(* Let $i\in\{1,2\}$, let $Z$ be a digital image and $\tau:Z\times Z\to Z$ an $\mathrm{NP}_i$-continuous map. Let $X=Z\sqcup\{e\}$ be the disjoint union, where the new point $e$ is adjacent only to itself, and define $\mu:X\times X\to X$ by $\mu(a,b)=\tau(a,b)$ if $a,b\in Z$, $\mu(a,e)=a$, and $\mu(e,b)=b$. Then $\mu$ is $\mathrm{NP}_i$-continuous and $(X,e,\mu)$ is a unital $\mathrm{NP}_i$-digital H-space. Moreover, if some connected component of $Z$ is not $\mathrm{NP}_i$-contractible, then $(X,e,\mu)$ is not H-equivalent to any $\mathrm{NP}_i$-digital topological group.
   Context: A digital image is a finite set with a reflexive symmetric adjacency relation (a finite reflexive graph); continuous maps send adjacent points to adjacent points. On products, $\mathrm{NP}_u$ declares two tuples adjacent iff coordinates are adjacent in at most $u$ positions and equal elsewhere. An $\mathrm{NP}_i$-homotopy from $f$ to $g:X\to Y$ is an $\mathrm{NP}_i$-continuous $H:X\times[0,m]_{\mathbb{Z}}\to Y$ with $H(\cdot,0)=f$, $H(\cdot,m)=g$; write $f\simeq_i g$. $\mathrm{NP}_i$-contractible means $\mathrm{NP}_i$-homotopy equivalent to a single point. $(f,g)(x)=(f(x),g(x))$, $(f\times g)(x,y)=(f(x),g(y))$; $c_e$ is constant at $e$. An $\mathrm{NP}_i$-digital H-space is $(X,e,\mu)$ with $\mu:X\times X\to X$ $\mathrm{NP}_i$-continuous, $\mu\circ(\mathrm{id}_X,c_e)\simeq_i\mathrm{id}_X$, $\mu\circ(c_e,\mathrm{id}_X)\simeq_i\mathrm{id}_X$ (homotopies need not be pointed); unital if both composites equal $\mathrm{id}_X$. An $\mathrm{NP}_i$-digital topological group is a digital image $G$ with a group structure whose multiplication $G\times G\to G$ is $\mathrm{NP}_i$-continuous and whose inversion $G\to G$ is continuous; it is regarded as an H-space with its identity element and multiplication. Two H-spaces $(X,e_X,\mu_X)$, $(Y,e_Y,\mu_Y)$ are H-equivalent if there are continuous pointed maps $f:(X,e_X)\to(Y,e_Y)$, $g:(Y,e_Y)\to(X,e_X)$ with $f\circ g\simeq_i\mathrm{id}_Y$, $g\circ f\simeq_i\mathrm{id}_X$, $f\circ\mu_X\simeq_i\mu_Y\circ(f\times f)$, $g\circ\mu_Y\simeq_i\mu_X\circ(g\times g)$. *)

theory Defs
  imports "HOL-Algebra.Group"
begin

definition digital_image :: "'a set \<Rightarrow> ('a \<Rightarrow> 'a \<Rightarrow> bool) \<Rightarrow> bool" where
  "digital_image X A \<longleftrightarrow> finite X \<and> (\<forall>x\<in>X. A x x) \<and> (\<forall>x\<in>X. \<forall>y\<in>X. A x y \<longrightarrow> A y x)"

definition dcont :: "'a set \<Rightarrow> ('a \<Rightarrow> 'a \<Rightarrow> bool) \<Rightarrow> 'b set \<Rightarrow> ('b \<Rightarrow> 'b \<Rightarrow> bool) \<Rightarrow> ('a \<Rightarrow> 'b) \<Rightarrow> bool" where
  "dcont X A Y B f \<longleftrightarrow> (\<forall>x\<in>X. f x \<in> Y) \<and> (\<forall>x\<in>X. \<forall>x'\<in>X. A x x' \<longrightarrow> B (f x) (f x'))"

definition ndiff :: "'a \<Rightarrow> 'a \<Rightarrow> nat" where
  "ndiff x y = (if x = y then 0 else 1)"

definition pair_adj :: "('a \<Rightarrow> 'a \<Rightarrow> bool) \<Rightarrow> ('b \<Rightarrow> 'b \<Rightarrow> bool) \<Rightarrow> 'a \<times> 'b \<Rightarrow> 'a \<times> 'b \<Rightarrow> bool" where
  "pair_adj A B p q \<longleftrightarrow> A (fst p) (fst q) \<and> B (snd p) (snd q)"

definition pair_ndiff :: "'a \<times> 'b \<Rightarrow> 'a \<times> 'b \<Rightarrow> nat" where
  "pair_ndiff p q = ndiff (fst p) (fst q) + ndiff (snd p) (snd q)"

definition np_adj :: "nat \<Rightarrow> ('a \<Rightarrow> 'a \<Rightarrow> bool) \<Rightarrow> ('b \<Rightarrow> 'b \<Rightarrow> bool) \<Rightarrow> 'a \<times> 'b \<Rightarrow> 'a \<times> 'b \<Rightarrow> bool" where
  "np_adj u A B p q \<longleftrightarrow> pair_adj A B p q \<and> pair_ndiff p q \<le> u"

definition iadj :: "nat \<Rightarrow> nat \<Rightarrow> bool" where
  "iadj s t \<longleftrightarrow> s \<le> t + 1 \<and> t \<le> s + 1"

+-------+

The expected result is every line from the material above that includes "iadj".

definition iadj :: "nat \<Rightarrow> nat \<Rightarrow> bool" where
  "iadj s t \<longleftrightarrow> s \<le> t + 1 \<and> t \<le> s + 1"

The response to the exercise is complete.